I started my program in fall 2019, just a few weeks before I became the executive director of my library. In 2017, I graduated with a master’s degree in history from a program that was mostly in-person, with a few online classes sprinkled in here and there, so I felt like I knew what I was getting into with the M.L.I.S. program. I was prepared for the amount of work required, but I was dead wrong about everything else. This is my perspective on online library school—the benefits, the pitfalls, and how we can make the process of learning how to be information professionals better for everyone.

Technology and Access

Technology opens doors that normally would be sealed shut for countless prospective students. There are 62 ALA-accredited M.L.I.S. programs in existence, and 42 of them offer a 100% online program. For people who are looking for a mid-career change, need a higher degree for a promotion, or are coming directly from undergraduate work but cannot change location, online programs are the perfect option for moving up in the library world. However, as online programs grow, new barriers to education arise.

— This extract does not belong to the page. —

(* Let $S=\{R_0,\dots,R_d\}$ be a quasi-thin scheme on $X$, $\mathbb F$ a field, $x\in X$, $\mathcal T=\mathcal T(x)$, $E_a^*=E_a^*(x)$, and fix a total order $\preceq$ on $X$. Let $\mathcal U=\{(g,h):k_g=k_h=|R_{g'}R_h|=2\}\cup\{(g,h):(g,h)\text{ is a bad pair of }S\}$. For $(i,j)\in\mathcal U$ write $xR_i=\{u_1,u_2\}$, $xR_j=\{v_1,v_2\}$ with $u_1\prec u_2$, $v_1\prec v_2$, and set $B_{ij}=E_{u_1v_1}+E_{u_2v_2}$. Then $$\mathcal B=\{B_{ij}:(i,j)\in\mathcal U\}\cup\{E_y^*JE_z^*:R_y,R_z\in S\}$$ is an $\mathbb F$-basis of $\mathcal T$.
   Context: Let $X$ be a nonempty finite set. A scheme of class $d$ on $X$ is a partition $S=\{R_0,\dots,R_d\}$ of $X\times X$ into nonempty sets such that $R_0=\{(b,b):b\in X\}$; for each $c$ there is $c'$ with $R_{c'}=\{(f,e):(e,f)\in R_c\}$; and for all $i,j,k$ the intersection number $p_{ij}^k=|\{\ell\in X:(m,\ell)\in R_i,(\ell,n)\in R_j\}|$ does not depend on $(m,n)\in R_k$. The valency is $k_a=p_{aa'}^0$; quasi-thin means all $k_a\le 2$. Complex product: $R_aR_b=\{R_c:p_{ab}^c>0\}$. For $y\in X$, $yR_a=\{z:(y,z)\in R_a\}$. $A_a\in M_X(\mathbb F)$ is the $(0,1)$ adjacency matrix of $R_a$, $E_a^*(y)$ is the diagonal $(0,1)$-matrix with ones exactly at positions indexed by $yR_a$, $E_{uv}$ is the matrix unit at $(u,v)$, $J$ is the all-ones matrix. The Terwilliger $\mathbb F$-algebra $\mathcal T(y)$ is the $\mathbb F$-subalgebra of $M_X(\mathbb F)$ generated by $A_0,\dots,A_d,E_0^*(y),\dots,E_d^*(y)$. Bad pair: $(u,v)$ is a bad pair of $S$ if there exist an integer $a\ge1$ and $R_{i_b},R_{j_b},R_{\ell_b}\in S$ ($b=0,\dots,a$) with $i_0=u$, $\ell_a=v$, $k_{i_b}=k_{\ell_b}=2$ and $p_{i_bj_b}^{\ell_b}=1$ for all $b$, $\ell_c=i_{c+1}$ for $0\le c\le a-1$, and $|R_{u'}R_v|=1$. (For $(i,j)\in\mathcal U$ one has $k_i=k_j=2$.) *)

theory Defs
  imports Complex_Main "HOL-Library.Function_Algebras"
begin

Internet connectivity is essential to online work, but internet infrastructure in the U.S. is still subpar. Census data show that nationally, 78% of households subscribe to broadband internet, but these numbers are skewed toward urban and coastal dwellers. Rural subscription rates are much lower, at around 65%. Similarly, counties with residents in higher income brackets have more access to broadband internet. Not only is access easier to obtain for urban and higher-income Americans, but they also have access to better-quality internet. In many rural areas, broadband access is either limited to spotty satellite coverage or monopolized by a single company that has no market-driven motivation to improve service. Subscription costs are high even for lackluster speeds.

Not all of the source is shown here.